Yeah, you’re right. I didn’t treat Peter right. I haven’t heard from him and I haven’t contacted him, either. Probably a bit late now. It’s been a week. I’ll remember to be better next time.
This week has been a struggle for me. Tonight I am going ahead with my 90 min massage even though I’m out of insurance benefits and will have to cover the whole cost myself. Then I’m going to Centered Singles Jolly Java meeting. A Christian get-together sponsored by Center Street Church. Many of my friends from Calgary Christian Singles are also members of Centered Singles. Don’t know if anyone I know is going tonight or not, but doesn’t matter. Chance for me to meet new people.
So…… job update…..
Option 1: Had the interview I wanted Wednesday. The project manager is super nice. He said he hires for attitude over skills (which is what I figured from talking with him over the phone) – meaning he’ll hire people good to work with and it should be a good project. Interview went well. He said he needed me yesterday. HOWEVER….. the position he wants to put me in isn’t funded till a couple months from now. I didn’t quite understand if it would be funded end of March or September. Anyway……. Hal said he needs the position moved up and if he can move it up, he’ll hire me. So Hal would hire me, just got to get a time frame. I MIGHT…. MIGHT have some temporary work that could fill in the gap. Hal said he would have a conversation with the powers that be on his job yesterday and see what he could do. I was to call him today about it. I did, but he didn’t answer. I’ll call him first thing Monday morning. Still waiting.
Option 2: Joe, my Worley manager, is having a conversation with Ken, Keyera lead, Tuesday about some contract work Keyera wants Worley to do and I have the skills to do it and would 90% get the position if the contract goes through. I understand my conversation with Ken a week ago spawned a phone call with Joe and Ken will be meeting with Joe for a second conversation in Feb for additional contract work. But Joe said those contract(s) won’t be in place till end of Feb at the earliest, if he can get Worley to agree with the contract. The Worley people in Calgary are all about money, money, money and don’t particularly care about their employees or their clients. Joe may have problems getting Worley to agree to a smaller contract that doesn’t bring in big bucks. Still waiting.
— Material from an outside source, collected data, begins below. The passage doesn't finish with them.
lemma coeff_chebT_rec:
  "real (Suc i) * real (Suc (Suc i)) * coeff (chebT n) (Suc (Suc i)) = (real i ^ 2 - real n ^ 2) * coeff (chebT n) i"
proof -
  let ?T = "chebT n"
  have x2: "[:1, 0, -1:] * p = p - [:0, 1:] * ([:0, 1:] * p)" for p :: "real poly"
    by (simp add: algebra_simps)
  have "coeff ([:1, 0, -1:] * pderiv (pderiv ?T) - [:0, 1:] * pderiv ?T + smult (real n ^ 2) ?T) i = 0"
    by (simp only: chebT_ode coeff_0)
  then have "coeff (pderiv (pderiv ?T)) i - coeff ([:0, 1:] * ([:0, 1:] * pderiv (pderiv ?T))) i
      - coeff ([:0, 1:] * pderiv ?T) i + real n ^ 2 * coeff ?T i = 0"
    by (simp only: x2 coeff_add coeff_diff coeff_smult)
  moreover have "coeff ([:0, 1:] * ([:0, 1:] * pderiv (pderiv ?T))) i = real i * (real i - 1) * coeff ?T i"
    by (cases i; cases "i - 1") (simp_all add: coeff_linear_mult coeff_pderiv algebra_simps)
  moreover have "coeff ([:0, 1:] * pderiv ?T) i = real i * coeff ?T i"
    by (cases i) (simp_all add: coeff_linear_mult coeff_pderiv)
  ultimately show ?thesis by (simp add: coeff_pderiv algebra_simps power2_eq_square)
qed

lemma coeff_higher_pderiv_chebT_rec:
  "real (Suc i) * real (Suc (Suc i)) * coeff ((pderiv ^^ k) (chebT n)) (Suc (Suc i))
     = ((real i + real k) ^ 2 - real n ^ 2) * coeff ((pderiv ^^ k) (chebT n)) i"
proof -
  let ?t = "coeff (chebT n)" and ?q = "\<lambda>i. real (Suc i) * real (Suc (Suc i))"
  have f1: "fact (Suc (Suc (i + k))) = ?q (i + k) * (fact (i + k) :: real)"
    and f2: "fact (Suc (Suc i)) = ?q i * (fact i :: real)"
    by (simp_all add: algebra_simps del: of_nat_Suc)
  have "?q i * coeff ((pderiv ^^ k) (chebT n)) (Suc (Suc i))
      = ?q i * (fact (Suc (Suc (i + k))) / fact (Suc (Suc i)) * ?t (Suc (Suc (i + k))))"
    by (simp add: coeff_higher_pderiv_fact)
  also have "\<dots> = fact (i + k) / fact i * (?q (i + k) * ?t (Suc (Suc (i + k))))"
    unfolding f1 f2 by (simp add: field_simps del: of_nat_Suc)
  also have "\<dots> = ((real i + real k) ^ 2 - real n ^ 2) * coeff ((pderiv ^^ k) (chebT n)) i"
    unfolding coeff_chebT_rec by (simp add: coeff_higher_pderiv_fact)
  finally show ?thesis .
qed
fun left_extensions :: "nat \<Rightarrow> nat list \<Rightarrow> nat list list" where
  "left_extensions 0 v = [v]"
| "left_extensions (Suc m) v =
     [a # w. w \<leftarrow> left_extensions m v, a \<leftarrow> [0, 1, 2], \<not> square_prefix (a # w)]"

lemma left_extensions_complete:
  "word3 u \<Longrightarrow> square_free (u @ v) \<Longrightarrow> u @ v \<in> set (left_extensions (length u) v)"
proof (induction u)
  case Nil
  then show ?case by simp
next
  case (Cons a u)
  then have "u @ v \<in> set (left_extensions (length u) v)" "a \<in> {0, 1, 2}"
    "\<not> square_prefix (a # u @ v)"
    by (auto simp: word3_def square_free_Cons)
  then show ?case by auto
qed

lemma sqf_words_take: "w \<in> sqf_words n \<Longrightarrow> j \<le> n \<Longrightarrow> take j w \<in> sqf_words j"
  unfolding sqf_words_def word3_def
  by (auto dest: in_set_takeD intro: square_free_sublist simp: sublist_take)

lemma sqf_words_drop: "w \<in> sqf_words n \<Longrightarrow> drop i w \<in> sqf_words (n - i)"
  unfolding sqf_words_def word3_def
  by (auto dest: in_set_dropD intro: square_free_sublist simp: sublist_drop)

definition compatible :: "nat list \<Rightarrow> nat list \<Rightarrow> bool" where
  "compatible u v \<longleftrightarrow> square_free (u @ tau v) \<and> square_free (u @ tau (tau v))"

lemma compatible_drop_take: "compatible u v \<Longrightarrow> compatible (drop i u) (take j v)"
proof -
  have "sublist (drop i u @ take j x) (u @ x)" for x :: "nat list"
    by (metis append_assoc append_take_drop_id sublist_appendI)
  moreover have "tau (take j v) = take j (tau v)" "tau (tau (take j v)) = take j (tau (tau v))"
    by (simp_all add: tau_def take_map)
  ultimately show "compatible u v \<Longrightarrow> compatible (drop i u) (take j v)"
    unfolding compatible_def by (metis square_free_sublist)
qed

definition triple_square_free :: "nat list set \<Rightarrow> bool" where
  "triple_square_free S \<longleftrightarrow> (\<forall>u\<in>S. \<forall>v\<in>S. \<forall>x\<in>S.
     square_free (u @ tau v @ x) \<and> square_free (u @ tau v @ tau (tau x)) \<and>
     square_free (u @ tau (tau v) @ x) \<and> square_free (u @ tau (tau v) @ tau x))"

lemma triple_square_free_subset: "triple_square_free S \<Longrightarrow> T \<subseteq> S \<Longrightarrow> triple_square_free T"
  unfolding triple_square_free_def by blast

lemma triple_square_free_compatible:
  assumes "triple_square_free S" "u \<in> S" "v \<in> S"
  shows "compatible u v"
proof -
  have "square_free ((u @ tau v) @ u)" "square_free ((u @ tau (tau v)) @ u)"
    using assms unfolding triple_square_free_def by auto
  then show ?thesis
    unfolding compatible_def by (auto intro: square_free_sublist)
qed

lemma special_triple_square_free:
  assumes "special_brinkhuis_triple n B k"
  shows "triple_square_free (B 0)"
  unfolding triple_square_free_def
proof (intro ballI)
  have "\<forall>i i' i''. [i, i', i''] \<in> sqf_words 3 \<longrightarrow>
      (\<forall>u\<in>B i. \<forall>v\<in>B i'. \<forall>x\<in>B i''. square_free (u @ v @ x))"
    using assms unfolding special_brinkhuis_triple_def brinkhuis_triple_def by (elim conjE)
  then have cond: "square_free (u @ v @ x)"
    if "[i, i', i''] \<in> sqf_words 3" "u \<in> B i" "v \<in> B i'" "x \<in> B i''" for i i' i'' u v x
    using that by blast
  have taus: "tau y \<in> B 1" "tau (tau y) \<in> B 2" if "y \<in> B 0" for y
    using assms that unfolding special_brinkhuis_triple_def by auto
  have triples: "[0, 1, 0] \<in> sqf_words 3" "[0, 1, 2] \<in> sqf_words 3"
    "[0, 2, 0] \<in> sqf_words 3" "[0, 2, 1] \<in> sqf_words 3"
    by (simp_all add: sqf_words_def word3_def square_free_Cons square_prefix_code)
  fix u v x assume "u \<in> B 0" "v \<in> B 0" "x \<in> B 0"
  with taus have "tau v \<in> B 1" "tau (tau v) \<in> B 2" "tau x \<in> B 1" "tau (tau x) \<in> B 2"
    by simp_all
  with \<open>u \<in> B 0\<close> \<open>x \<in> B 0\<close> show "square_free (u @ tau v @ x) \<and>
      square_free (u @ tau v @ tau (tau x)) \<and>
      square_free (u @ tau (tau v) @ x) \<and> square_free (u @ tau (tau v) @ tau x)"
    using cond[OF triples(1)] cond[OF triples(2)] cond[OF triples(3)] cond[OF triples(4)]
    by simp
qed

lemma short_word_not_triple_square_free:
  assumes w: "w \<in> sqf_words m" and "m \<le> 12" and "take 2 w = [0, 1]"
  shows "\<not> triple_square_free {w, rev w}"
proof -
  have search: "\<forall>l\<in>set [0..<11]. \<forall>u\<in>set (left_extensions l [1, 0]).
      \<not> triple_square_free {u, rev u}"
    by code_simp
  define u where "u = rev (drop 2 w)"
  have "w = [0, 1] @ drop 2 w"
    by (metis append_take_drop_id \<open>take 2 w = [0, 1]\<close>)
  then have rev_w: "rev w = u @ [1, 0]"
    unfolding u_def by (metis rev.simps rev_append append.simps)
  have "square_free (u @ [1, 0])"
    using w unfolding rev_w[symmetric] sqf_words_def by simp
  moreover have "u \<in> sqf_words (m - 2)"
    using sqf_words_drop[OF w] unfolding u_def sqf_words_def word3_def by simp
  ultimately have "rev w \<in> set (left_extensions (m - 2) [1, 0])"
    using left_extensions_complete[of u "[1, 0]"] unfolding rev_w sqf_words_def by simp
  moreover have "m - 2 \<in> set [0..<11]" using \<open>m \<le> 12\<close> by simp
  ultimately have "\<not> triple_square_free {rev w, rev (rev w)}"
    using search by blast
  then show ?thesis by (simp add: insert_commute)
qed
Option 3: I’ve worked for many years with the lady that oversees all the turnover database work globally for Worley. She and I both report to the same lead in Houston. She called me saying there’s an immediate position in Louisiana and some upcoming options in Texas. She also needs someone to travel globally (New Zealand, Australia, where else did she say) to train. That’s what I joined her team to do two years ago then it all fell apart. Those positions would mean I would lose my Canadian permanent residency and my dual citizenship. She indicated she could wait on the travel training till I got my citizenship, but that won’t be till next October. On hold.
So still need lots of prayers. I’m grateful to have possibilities. God is very good. Heidi, I just can’t believe that God would bring me to Canada in 2012 when I was told I’d never be able to immigrate, help me get my permanent residency through at just the right time, help me buy a house in Calgary in 2017, provide work away from home in Ohio when there was no work in Canada, but bring me home from the project in Ohio in time to not lose my permanent residency and then dump me. Too many doors opened for me to be here in Canada for Him to slam the last one in my face. I don’t believe God operates like that. But I can’t read His mind, so we’ll see, but I fully trust He’ll get me work here in Canada.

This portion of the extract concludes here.